Two big stories breaking over the past week showed what strong legs the scandal has. First, Huffington Post reported on a series of confidential audits that showed five of the country’s largest mortgage companies defrauded taxpayers in their handling of foreclosures on homes purchased with government-backed loans.
Then the New York Times and others trumpeted an investigation of the mortgage securitization process by New York’s new state attorney general, Eric Schneiderman.
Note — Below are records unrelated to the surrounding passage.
definition Gamma :: "complex ^ 'n \<Rightarrow> complex ^ 'n \<Rightarrow> real \<Rightarrow> complex ^ 'n" where
  "Gamma g f t = (let \<alpha> = dS f g in
     if \<alpha> = 0 then g
     else (sin ((1 - t) * \<alpha>) / sin \<alpha>) *\<^sub>R g + (sin (t * \<alpha>) / sin \<alpha>) *\<^sub>R f)"

end

theory Submission
  imports Defs
begin

text \<open>
  Write \<open>f = cos \<alpha> g + sin \<alpha> u\<close> and \<open>f' = cos \<beta> g + sin \<beta> v\<close> with \<open>u, v \<perp> g\<close>; then the
  geodesics are \<open>f\<^sub>t = cos (t\<alpha>) g + sin (t\<alpha>) u\<close>, and by the spherical law of cosines both
  \<open>cos d(f, f')\<close> and \<open>cos d(f\<^sub>t, f'\<^sub>t)\<close> are affine in \<open>c = \<langle>u, v\<rangle>\<close>.
  If \<open>d(f, f') \<ge> \<pi>/2\<close> the bound is trivial.  Otherwise, with \<open>r = cos d(f, f') > 0\<close>, it
  amounts to \<open>cos d(f\<^sub>t, f'\<^sub>t) \<ge> 2r\<^sup>2 - 1\<close>, whose defect is a convex quadratic in \<open>c\<close>.
  It is nonpositive at \<open>c = 1\<close> (there \<open>|\<alpha> - \<beta>| \<le> \<pi>/2\<close> and \<open>cos 2x \<le> cos tx\<close>) and at the left
  end of the range of \<open>c\<close> where \<open>r > 0\<close>, hence everywhere in between.
\<close>

lemma abs_le_pi_half_if_cos_pos:
  fixes x :: real
  assumes "0 < cos x" and "\<bar>x\<bar> \<le> 3 * pi / 2"
  shows "\<bar>x\<bar> \<le> pi / 2"
proof (rule ccontr)
  assume far: "\<not> \<bar>x\<bar> \<le> pi / 2"
  have "cos \<bar>x\<bar> \<le> 0"
  proof (cases "\<bar>x\<bar> \<le> pi")
    case True
    then have "cos \<bar>x\<bar> \<le> cos (pi / 2)"
      using far by (intro cos_monotone_0_pi_le) auto
    then show ?thesis by simp
  next
    case False
    have "0 \<le> cos (\<bar>x\<bar> - pi)"
      using False assms(2) by (intro cos_ge_zero) auto
    then show ?thesis by simp
  qed
  with assms(1) show False by simp
qed
lemma continuous_on_alpha_curve: "continuous_on (B \<times> {x\<^sub>\<Gamma>..b + 1}) (\<lambda>(r, x). \<alpha> r (curve r x))"
  unfolding case_prod_beta by (rule continuous_on_along_curve(3)) (auto intro!: continuous_intros)

lemma alpha_curve_bounded: "\<exists>M \<ge> 0. \<forall>r\<in>B. \<forall>x\<ge>x\<^sub>\<Gamma>. norm (\<alpha> r (curve r x)) \<le> M"
proof -
  obtain M where "M \<ge> 0" and M: "\<And>p. p \<in> B \<times> {x\<^sub>\<Gamma>..b + 1} \<Longrightarrow> norm ((\<lambda>(r, x). \<alpha> r (curve r x)) p) \<le> M"
    using continuous_on_compact_bound[OF compact_Times[OF compact_B compact_Icc] continuous_on_alpha_curve]
    by blast
  have "norm (\<alpha> r (curve r x)) \<le> M" if "r \<in> B" "x \<ge> x\<^sub>\<Gamma>" for r x
  proof (cases "x \<le> b + 1")
    case True
    then show ?thesis
      using M[of "(r, x)"] that by auto
  next
    case False
    then show ?thesis
      using alpha_curve_eq_0[OF that] \<open>M \<ge> 0\<close> by simp
  qed
  with \<open>M \<ge> 0\<close> show ?thesis
    by blast
qed

definition continuity_modulus :: "real \<Rightarrow> real \<Rightarrow> bool" where
  "continuity_modulus \<rho> \<eta> \<longleftrightarrow> (\<forall>r\<in>B. \<forall>x\<in>{x\<^sub>\<Gamma>..b + 1}. \<forall>y\<in>{x\<^sub>\<Gamma>..b + 1}.
     \<bar>x - y\<bar> < \<rho> \<longrightarrow> norm (\<alpha> r (curve r x) - \<alpha> r (curve r y)) \<le> \<eta>)"

lemma continuity_modulusD:
  assumes "continuity_modulus \<rho> \<eta>" "r \<in> B" "x \<in> {x\<^sub>\<Gamma>..b + 1}" "y \<in> {x\<^sub>\<Gamma>..b + 1}" "\<bar>x - y\<bar> < \<rho>"
  shows "norm (\<alpha> r (curve r x) - \<alpha> r (curve r y)) \<le> \<eta>"
  using assms unfolding continuity_modulus_def by blast

lemma exists_continuity_modulus:
  assumes "\<eta> > 0"
  shows "\<exists>\<rho>>0. \<rho> \<le> 1 \<and> continuity_modulus \<rho> \<eta>"
proof -
  have "uniformly_continuous_on (B \<times> {x\<^sub>\<Gamma>..b + 1}) (\<lambda>(r, x). \<alpha> r (curve r x))"
    by (rule compact_uniformly_continuous[OF continuous_on_alpha_curve compact_Times[OF compact_B compact_Icc]])
  then obtain d where "d > 0" and d: "\<forall>p\<in>B \<times> {x\<^sub>\<Gamma>..b + 1}. \<forall>q\<in>B \<times> {x\<^sub>\<Gamma>..b + 1}.
      dist q p < d \<longrightarrow> dist ((\<lambda>(r, x). \<alpha> r (curve r x)) q) ((\<lambda>(r, x). \<alpha> r (curve r x)) p) < \<eta>"
    using assms unfolding uniformly_continuous_on_def by blast
  have "continuity_modulus (min d 1) \<eta>"
    unfolding continuity_modulus_def
  proof (intro ballI impI)
    fix r x y assume "r \<in> B" "x \<in> {x\<^sub>\<Gamma>..b + 1}" "y \<in> {x\<^sub>\<Gamma>..b + 1}" "\<bar>x - y\<bar> < min d 1"
    then show "norm (\<alpha> r (curve r x) - \<alpha> r (curve r y)) \<le> \<eta>"
      using d by (fastforce simp: dist_Pair_Pair dist_norm)
  qed
  with \<open>d > 0\<close> show ?thesis
    by (intro exI[of _ "min d 1"]) auto
qed
lemma infsum_ennreal:
  fixes w :: "'a \<Rightarrow> real"
  assumes "w summable_on A" "\<And>x. x \<in> A \<Longrightarrow> w x \<ge> 0"
  shows "infsum (\<lambda>x. ennreal (w x)) A = ennreal (infsum w A)"
proof -
  have "ennreal (infsum w A) = (SUP F\<in>{F. finite F \<and> F \<subseteq> A}. ennreal (sum w F))"
    using assms by (rule infsum_nonneg_is_SUPREMUM_ennreal)
  also have "\<dots> = infsum (\<lambda>x. ennreal (w x)) A"
    using assms by (subst nonneg_infsum_complete) (auto intro!: SUP_cong simp: subset_iff sum_ennreal)
  finally show ?thesis ..
qed

lemma infsum_ennreal_eq_suminf:
  fixes q :: "nat \<Rightarrow> real"
  assumes "summable q" "\<And>n. q n \<ge> 0"
  shows "infsum (\<lambda>n. ennreal (q n)) UNIV = ennreal (suminf q)"
proof -
  have "(q has_sum suminf q) UNIV"
    using assms by (intro sums_nonneg_imp_has_sum) (simp_all add: summable_sums)
  then show ?thesis
    using assms by (simp add: infsum_ennreal has_sum_imp_summable infsumI)
qed

lemma nonneg_summable_on_if_infsum_ennreal_bounded:
  fixes w :: "'a \<Rightarrow> real"
  assumes nonneg: "\<And>x. x \<in> A \<Longrightarrow> w x \<ge> 0"
    and bounded: "infsum (\<lambda>x. ennreal (w x)) A \<le> ennreal b"
  shows "w summable_on A"
proof (rule nonneg_bdd_above_summable_on)
  show "bdd_above (sum w ` {F. F \<subseteq> A \<and> finite F})"
  proof (rule bdd_aboveI)
    fix y assume "y \<in> sum w ` {F. F \<subseteq> A \<and> finite F}"
    then obtain F where F: "F \<subseteq> A" "finite F" and y: "y = sum w F" by auto
    have "ennreal (sum w F) = infsum (\<lambda>x. ennreal (w x)) F"
      using F nonneg by (simp add: subset_iff sum_ennreal)
    also have "\<dots> \<le> infsum (\<lambda>x. ennreal (w x)) A"
      using F by (intro infsum_mono_neutral) (auto simp: nonneg_summable_on_complete)
    also have "\<dots> \<le> ennreal b" by (rule bounded)
    finally show "y \<le> max b 0"
      using y by (metis ennreal_le_iff2 max.coboundedI1 max.coboundedI2 order.refl)
  qed
qed (use nonneg in auto)

lemma ennreal_prod_list: "(\<And>x. x \<in> set xs \<Longrightarrow> x \<ge> 0) \<Longrightarrow> ennreal (prod_list xs) = prod_list (map ennreal xs)"
  by (induction xs) (auto simp: ennreal_mult prod_list_nonneg)

section \<open>Multiplicative weights on plane trees\<close>

definition lists_length :: "'a set \<Rightarrow> nat \<Rightarrow> 'a list set" where
  "lists_length A n = {xs. length xs = n \<and> set xs \<subseteq> A}"

lemma lists_length_0: "lists_length A 0 = {[]}"
  by (auto simp: lists_length_def)

lemma lists_length_Suc: "lists_length A (Suc n) = case_prod Cons ` (A \<times> lists_length A n)"
  by (auto simp: lists_length_def length_Suc_conv image_iff)

lemma lists_eq_image_Sigma_lists_length: "lists A = snd ` (SIGMA n:UNIV. lists_length A n)"
  by (auto simp: lists_length_def image_iff in_lists_conv_set)

lemma infsum_prod_list_lists_length:
  fixes V :: "'a \<Rightarrow> ennreal"
  shows "infsum (\<lambda>xs. prod_list (map V xs)) (lists_length A n) = infsum V A ^ n"
proof (induction n)
  case (Suc n)
  have "inj_on (case_prod Cons) (A \<times> lists_length A n)"
    by (auto simp: inj_on_def)
  then have "infsum (\<lambda>xs. prod_list (map V xs)) (lists_length A (Suc n))
      = infsum (\<lambda>(x, xs). V x * prod_list (map V xs)) (A \<times> lists_length A n)"
    unfolding lists_length_Suc by (simp add: infsum_reindex o_def case_prod_unfold)
  also have "\<dots> = infsum (\<lambda>x. infsum V A ^ n * V x) A"
    by (simp add: infsum_Sigma_ennreal infsum_cmult_right_ennreal Suc mult.commute)
  also have "\<dots> = infsum V A ^ n * infsum V A"
    by (rule infsum_cmult_right_ennreal)
  finally show ?case by (simp add: mult.commute)
qed (simp add: lists_length_0)

lemma infsum_Node_lists:
  fixes V :: "ptree \<Rightarrow> ennreal" and Q :: "nat \<Rightarrow> ennreal"
  assumes V: "\<And>ts. V (Node ts) = Q (length ts) * prod_list (map V ts)"
  shows "infsum V (Node ` lists A) = infsum (\<lambda>n. Q n * infsum V A ^ n) UNIV"
proof -
  have "inj_on Node (lists A)" and "inj_on snd (SIGMA n:UNIV. lists_length A n)"
    by (auto simp: inj_on_def lists_length_def)
  then have "infsum V (Node ` lists A) = infsum (\<lambda>x. V (Node (snd x))) (SIGMA n:UNIV. lists_length A n)"
    unfolding lists_eq_image_Sigma_lists_length by (simp add: infsum_reindex o_def)
  also have "\<dots> = infsum (\<lambda>n. infsum (\<lambda>ts. Q n * prod_list (map V ts)) (lists_length A n)) UNIV"
    by (subst infsum_Sigma_ennreal) (auto intro!: infsum_cong simp: V lists_length_def)
  also have "\<dots> = infsum (\<lambda>n. Q n * infsum V A ^ n) UNIV"
    by (simp add: infsum_cmult_right_ennreal infsum_prod_list_lists_length)
  finally show ?thesis .
qed

lemma infsum_multiplicative_fixpoint:
  fixes V :: "ptree \<Rightarrow> ennreal" and Q :: "nat \<Rightarrow> ennreal"
  assumes "\<And>ts. V (Node ts) = Q (length ts) * prod_list (map V ts)"
  shows "infsum V UNIV = infsum (\<lambda>n. Q n * infsum V UNIV ^ n) UNIV"
proof -
  have "UNIV = Node ` lists UNIV"
    by (metis ptree.exhaust lists_UNIV surj_def)
  then show ?thesis using infsum_Node_lists[OF assms, of UNIV] by simp
qed

lemma tsize_ge_1: "tsize t \<ge> 1"
  by (cases t) auto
This investigation won strong praise from two of the toughest watchdogs on the financial beat, Matt Taibbi at Rolling Stone and Robert Scheer at Truthdig, who portrayed Schneiderman as a hared-charging prosecutor who unlike the feds and other state attorney generals, is not intimidated by Wall Street.
But Reuters financial blogger Felix Salmon argued that confidential audits, which were turned over to the Justice Department were a much bigger story than Schneiderman’s investigation.
Until Schneiderman’s investigation bear some fruit, I think history suggests we should be skeptical of officials who claim they are going to get tough on the banks and protect consumers.
Salmon pinpoints the real significance of the Schneiderman investigation – the continuing cracks in the state attorney general’s 50-state coalition that was negotiating with the banks to settle claims of mortgage fraud. Some Republicans had already criticized the state attorney generals for being too tough on the banks, referring to a proposed settlement as a shakedown. Other critics have raised questions about whether the attorney generals are being too soft, having sat down to negotiate without having done robust investigations first to gather ammunition.
Whatever the outcome of these on-going investigations’s, the week’s news guarantees one thing – the mortgage fraud scandal, and its offspring the foreclosure scandal, are not going away any time soon.